====== Source material ======

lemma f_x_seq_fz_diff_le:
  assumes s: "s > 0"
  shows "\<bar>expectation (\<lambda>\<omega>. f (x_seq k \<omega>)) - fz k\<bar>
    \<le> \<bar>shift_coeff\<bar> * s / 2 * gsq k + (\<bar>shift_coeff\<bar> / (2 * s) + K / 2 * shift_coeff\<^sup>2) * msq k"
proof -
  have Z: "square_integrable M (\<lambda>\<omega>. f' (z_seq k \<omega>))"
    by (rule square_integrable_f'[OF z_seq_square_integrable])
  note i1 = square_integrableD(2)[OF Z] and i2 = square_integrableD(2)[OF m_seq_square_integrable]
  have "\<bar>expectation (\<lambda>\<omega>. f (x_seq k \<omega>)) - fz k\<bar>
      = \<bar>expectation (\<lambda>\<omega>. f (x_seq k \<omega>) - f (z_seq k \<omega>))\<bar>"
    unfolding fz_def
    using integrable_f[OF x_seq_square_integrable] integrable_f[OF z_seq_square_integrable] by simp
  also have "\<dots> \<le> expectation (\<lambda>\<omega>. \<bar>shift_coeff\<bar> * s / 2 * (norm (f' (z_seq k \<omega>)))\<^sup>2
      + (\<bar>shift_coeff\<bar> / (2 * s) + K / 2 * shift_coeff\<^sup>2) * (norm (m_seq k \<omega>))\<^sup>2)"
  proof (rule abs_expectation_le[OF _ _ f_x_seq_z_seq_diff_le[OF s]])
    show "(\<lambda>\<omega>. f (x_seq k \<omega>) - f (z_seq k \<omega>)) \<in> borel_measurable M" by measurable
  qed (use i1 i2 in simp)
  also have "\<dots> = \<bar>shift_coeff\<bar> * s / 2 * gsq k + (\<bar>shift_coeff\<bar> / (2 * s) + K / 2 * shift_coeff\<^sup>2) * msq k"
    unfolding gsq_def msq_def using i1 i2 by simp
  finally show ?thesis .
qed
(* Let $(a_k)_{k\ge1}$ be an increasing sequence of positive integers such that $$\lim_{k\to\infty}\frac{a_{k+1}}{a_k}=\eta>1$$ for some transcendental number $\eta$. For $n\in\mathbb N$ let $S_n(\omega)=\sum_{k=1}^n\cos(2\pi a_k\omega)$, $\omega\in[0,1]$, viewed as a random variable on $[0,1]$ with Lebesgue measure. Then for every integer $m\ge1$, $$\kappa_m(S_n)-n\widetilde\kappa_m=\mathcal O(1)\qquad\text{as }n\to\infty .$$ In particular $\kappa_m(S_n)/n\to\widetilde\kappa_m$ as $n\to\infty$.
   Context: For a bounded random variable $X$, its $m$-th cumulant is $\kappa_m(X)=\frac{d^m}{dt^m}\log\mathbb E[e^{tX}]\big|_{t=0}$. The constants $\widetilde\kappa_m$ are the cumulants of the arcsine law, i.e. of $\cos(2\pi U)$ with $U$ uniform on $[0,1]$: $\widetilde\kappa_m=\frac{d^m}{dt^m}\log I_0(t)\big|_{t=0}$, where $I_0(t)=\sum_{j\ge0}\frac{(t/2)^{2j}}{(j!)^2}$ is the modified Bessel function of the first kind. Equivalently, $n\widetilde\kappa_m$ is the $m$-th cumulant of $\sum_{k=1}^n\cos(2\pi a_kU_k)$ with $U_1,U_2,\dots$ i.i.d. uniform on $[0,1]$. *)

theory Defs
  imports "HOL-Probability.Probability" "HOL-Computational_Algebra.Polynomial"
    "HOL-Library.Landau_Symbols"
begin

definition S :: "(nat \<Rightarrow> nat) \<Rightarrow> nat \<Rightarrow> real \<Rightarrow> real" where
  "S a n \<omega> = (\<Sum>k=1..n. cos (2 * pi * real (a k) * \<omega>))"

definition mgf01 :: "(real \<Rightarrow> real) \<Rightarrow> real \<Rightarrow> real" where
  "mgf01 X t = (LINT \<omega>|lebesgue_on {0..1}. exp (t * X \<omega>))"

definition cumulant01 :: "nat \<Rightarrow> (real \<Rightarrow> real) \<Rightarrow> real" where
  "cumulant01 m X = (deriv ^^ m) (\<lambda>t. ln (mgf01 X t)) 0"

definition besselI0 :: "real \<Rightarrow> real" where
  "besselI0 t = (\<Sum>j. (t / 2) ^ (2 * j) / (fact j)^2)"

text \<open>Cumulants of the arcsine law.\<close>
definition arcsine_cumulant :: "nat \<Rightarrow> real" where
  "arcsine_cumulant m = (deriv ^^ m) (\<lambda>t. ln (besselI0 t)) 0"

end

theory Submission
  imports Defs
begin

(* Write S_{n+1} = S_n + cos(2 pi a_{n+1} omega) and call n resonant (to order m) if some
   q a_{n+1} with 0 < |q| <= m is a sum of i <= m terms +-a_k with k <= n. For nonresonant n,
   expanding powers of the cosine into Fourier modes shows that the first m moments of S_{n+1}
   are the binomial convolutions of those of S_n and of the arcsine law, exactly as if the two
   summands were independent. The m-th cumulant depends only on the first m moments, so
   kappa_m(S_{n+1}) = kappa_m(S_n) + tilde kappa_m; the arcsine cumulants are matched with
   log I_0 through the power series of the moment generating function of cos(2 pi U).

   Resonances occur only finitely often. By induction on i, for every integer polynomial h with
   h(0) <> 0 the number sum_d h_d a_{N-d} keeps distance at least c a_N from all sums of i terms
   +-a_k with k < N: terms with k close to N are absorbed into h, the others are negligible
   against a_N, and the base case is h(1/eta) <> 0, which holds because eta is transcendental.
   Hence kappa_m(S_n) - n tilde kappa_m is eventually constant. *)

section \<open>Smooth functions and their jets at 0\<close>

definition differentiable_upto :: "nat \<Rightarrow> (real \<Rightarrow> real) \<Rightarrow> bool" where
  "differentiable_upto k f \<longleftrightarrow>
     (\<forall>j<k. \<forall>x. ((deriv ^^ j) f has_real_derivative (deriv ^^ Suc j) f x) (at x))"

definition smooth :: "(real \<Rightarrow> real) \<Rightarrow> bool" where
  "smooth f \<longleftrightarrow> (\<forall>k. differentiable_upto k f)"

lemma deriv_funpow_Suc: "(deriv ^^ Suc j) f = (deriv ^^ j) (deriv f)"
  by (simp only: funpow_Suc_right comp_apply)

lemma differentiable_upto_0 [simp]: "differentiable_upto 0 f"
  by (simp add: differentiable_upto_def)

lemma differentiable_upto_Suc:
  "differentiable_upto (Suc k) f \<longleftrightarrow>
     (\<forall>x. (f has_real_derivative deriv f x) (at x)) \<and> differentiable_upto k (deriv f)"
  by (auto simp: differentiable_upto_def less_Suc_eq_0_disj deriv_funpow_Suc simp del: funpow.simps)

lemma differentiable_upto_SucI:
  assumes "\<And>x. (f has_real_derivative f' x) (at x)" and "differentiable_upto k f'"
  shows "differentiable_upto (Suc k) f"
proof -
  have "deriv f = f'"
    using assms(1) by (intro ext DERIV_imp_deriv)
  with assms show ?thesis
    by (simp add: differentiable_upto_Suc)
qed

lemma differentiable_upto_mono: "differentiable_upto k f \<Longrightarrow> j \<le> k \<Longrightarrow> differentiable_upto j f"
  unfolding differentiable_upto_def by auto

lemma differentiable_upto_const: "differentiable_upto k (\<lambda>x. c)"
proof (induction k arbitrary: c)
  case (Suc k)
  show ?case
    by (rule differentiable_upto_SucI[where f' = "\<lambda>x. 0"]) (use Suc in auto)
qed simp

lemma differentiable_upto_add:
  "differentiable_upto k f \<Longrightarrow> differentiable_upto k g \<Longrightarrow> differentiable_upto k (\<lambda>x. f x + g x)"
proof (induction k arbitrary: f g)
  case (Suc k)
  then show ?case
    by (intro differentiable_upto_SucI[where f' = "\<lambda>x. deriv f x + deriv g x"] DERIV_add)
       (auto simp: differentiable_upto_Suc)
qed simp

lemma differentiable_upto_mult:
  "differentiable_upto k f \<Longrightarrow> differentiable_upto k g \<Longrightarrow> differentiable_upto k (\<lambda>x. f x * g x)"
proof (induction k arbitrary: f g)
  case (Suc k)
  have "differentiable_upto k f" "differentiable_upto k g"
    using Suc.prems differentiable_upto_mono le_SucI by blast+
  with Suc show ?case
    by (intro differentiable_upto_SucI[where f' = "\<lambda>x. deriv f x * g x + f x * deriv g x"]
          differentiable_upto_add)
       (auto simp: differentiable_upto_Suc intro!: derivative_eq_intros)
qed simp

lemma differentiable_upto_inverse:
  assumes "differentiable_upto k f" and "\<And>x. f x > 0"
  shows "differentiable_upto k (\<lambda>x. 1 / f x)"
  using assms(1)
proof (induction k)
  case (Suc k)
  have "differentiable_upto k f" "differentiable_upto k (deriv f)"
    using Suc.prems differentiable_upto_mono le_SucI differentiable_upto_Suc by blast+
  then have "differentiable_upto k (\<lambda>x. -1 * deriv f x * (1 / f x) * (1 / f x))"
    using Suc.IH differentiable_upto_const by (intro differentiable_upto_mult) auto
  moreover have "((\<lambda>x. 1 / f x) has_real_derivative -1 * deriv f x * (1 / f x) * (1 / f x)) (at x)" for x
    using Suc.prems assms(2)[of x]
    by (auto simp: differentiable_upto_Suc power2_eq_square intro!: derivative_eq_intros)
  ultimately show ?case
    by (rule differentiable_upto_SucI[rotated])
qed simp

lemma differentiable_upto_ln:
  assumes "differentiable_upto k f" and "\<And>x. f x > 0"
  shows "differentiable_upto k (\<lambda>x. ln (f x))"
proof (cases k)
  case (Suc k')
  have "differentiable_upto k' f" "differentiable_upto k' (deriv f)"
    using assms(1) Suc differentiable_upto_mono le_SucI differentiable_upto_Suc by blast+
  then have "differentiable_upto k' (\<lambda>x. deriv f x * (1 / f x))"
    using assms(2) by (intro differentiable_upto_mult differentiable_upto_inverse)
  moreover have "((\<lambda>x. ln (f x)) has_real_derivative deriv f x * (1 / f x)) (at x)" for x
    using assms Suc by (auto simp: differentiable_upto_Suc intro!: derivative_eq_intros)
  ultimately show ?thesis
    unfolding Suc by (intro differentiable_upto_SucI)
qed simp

======
====== Source material ======

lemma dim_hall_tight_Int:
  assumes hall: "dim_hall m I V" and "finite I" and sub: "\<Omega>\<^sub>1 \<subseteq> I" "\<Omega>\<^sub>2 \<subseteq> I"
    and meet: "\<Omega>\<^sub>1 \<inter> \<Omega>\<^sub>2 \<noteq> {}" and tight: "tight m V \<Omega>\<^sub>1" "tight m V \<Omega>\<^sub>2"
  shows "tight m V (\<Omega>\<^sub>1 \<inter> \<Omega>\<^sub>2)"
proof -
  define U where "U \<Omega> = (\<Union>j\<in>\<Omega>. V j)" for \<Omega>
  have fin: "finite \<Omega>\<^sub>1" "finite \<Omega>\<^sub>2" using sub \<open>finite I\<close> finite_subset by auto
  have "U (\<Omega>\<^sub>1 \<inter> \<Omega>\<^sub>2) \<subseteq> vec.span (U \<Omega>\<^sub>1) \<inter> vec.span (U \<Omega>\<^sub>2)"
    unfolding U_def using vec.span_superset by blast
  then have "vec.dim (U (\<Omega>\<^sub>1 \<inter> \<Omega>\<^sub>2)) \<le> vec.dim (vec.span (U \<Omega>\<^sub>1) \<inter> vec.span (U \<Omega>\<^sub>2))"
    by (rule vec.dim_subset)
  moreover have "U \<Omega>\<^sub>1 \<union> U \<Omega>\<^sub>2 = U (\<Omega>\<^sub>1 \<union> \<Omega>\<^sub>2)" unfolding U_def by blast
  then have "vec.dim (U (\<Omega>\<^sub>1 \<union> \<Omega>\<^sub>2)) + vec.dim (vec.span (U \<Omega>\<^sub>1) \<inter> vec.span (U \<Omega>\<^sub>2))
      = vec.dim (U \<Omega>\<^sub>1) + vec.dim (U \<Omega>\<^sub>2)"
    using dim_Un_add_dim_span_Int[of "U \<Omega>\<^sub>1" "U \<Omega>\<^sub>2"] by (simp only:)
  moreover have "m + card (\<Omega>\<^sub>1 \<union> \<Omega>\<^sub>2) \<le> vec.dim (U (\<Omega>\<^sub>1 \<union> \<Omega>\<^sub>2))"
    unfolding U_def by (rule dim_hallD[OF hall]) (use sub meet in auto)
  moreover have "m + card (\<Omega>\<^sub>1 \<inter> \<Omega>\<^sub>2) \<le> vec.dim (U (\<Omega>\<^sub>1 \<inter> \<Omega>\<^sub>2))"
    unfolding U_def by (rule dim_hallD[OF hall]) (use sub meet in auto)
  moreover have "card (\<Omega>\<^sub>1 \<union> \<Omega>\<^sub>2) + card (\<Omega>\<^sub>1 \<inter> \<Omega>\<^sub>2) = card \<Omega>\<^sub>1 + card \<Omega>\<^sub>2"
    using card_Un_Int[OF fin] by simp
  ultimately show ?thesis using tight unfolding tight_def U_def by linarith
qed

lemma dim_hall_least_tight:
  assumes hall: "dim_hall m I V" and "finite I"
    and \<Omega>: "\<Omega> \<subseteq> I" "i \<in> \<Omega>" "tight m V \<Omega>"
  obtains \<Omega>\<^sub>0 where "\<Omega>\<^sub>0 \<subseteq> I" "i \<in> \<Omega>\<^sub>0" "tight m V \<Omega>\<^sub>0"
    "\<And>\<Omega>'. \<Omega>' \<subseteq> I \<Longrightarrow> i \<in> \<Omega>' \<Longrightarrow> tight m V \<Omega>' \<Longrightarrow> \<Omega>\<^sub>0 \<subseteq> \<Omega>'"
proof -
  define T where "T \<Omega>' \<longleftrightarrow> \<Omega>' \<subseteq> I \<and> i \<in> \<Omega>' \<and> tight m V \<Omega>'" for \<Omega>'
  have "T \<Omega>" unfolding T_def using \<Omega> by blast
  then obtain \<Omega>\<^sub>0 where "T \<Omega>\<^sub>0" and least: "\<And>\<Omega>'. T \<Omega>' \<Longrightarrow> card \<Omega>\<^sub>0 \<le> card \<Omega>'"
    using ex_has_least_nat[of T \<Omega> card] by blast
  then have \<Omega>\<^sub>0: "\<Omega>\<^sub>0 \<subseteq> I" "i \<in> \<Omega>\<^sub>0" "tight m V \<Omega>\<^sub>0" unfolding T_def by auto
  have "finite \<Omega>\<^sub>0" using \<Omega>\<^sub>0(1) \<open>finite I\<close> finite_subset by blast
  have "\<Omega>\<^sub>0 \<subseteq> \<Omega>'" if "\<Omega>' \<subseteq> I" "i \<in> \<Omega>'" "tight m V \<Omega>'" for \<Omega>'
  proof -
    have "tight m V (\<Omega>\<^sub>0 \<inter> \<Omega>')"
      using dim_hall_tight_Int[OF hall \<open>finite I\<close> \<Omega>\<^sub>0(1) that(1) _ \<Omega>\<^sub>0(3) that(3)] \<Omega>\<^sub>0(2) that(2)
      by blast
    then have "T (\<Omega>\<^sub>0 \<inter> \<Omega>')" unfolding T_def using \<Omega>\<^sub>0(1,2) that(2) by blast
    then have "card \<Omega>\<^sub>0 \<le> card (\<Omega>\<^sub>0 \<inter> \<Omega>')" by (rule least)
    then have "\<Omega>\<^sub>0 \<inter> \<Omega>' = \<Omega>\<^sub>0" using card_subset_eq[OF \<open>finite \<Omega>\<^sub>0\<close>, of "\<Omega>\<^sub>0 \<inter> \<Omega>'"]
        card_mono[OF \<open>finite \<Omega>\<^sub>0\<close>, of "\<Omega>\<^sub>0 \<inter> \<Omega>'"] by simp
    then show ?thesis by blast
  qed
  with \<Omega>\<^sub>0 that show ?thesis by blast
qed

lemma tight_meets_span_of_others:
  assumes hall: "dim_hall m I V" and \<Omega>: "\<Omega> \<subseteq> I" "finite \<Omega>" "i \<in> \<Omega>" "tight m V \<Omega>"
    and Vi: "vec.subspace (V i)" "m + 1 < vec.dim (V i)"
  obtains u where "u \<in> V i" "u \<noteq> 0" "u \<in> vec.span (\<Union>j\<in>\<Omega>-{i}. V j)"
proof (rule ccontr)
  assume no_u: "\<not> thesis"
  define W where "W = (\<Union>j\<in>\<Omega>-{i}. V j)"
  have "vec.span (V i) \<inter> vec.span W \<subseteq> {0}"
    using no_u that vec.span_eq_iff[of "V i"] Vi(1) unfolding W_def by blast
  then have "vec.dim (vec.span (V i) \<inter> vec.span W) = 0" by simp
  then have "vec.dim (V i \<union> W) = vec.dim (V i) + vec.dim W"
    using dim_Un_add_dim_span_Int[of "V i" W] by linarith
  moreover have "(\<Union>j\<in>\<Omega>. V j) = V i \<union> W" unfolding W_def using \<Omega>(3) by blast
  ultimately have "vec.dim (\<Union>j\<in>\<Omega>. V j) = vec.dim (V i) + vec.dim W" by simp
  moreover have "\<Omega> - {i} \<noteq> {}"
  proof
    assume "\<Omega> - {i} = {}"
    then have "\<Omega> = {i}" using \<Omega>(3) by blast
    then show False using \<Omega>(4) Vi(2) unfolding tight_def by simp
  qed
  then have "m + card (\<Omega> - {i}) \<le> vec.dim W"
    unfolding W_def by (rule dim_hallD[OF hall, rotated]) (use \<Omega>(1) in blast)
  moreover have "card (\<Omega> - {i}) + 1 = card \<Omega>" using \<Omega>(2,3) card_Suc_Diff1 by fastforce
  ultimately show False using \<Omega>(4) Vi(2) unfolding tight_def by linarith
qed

======

Return each line of the listing that holds the word "terms".

**Answer for this exercise:**
   q a_{n+1} with 0 < |q| <= m is a sum of i <= m terms +-a_k with k <= n. For nonresonant n,
   h(0) <> 0 the number sum_d h_d a_{N-d} keeps distance at least c a_N from all sums of i terms
   +-a_k with k < N: terms with k close to N are absorbed into h, the others are negligible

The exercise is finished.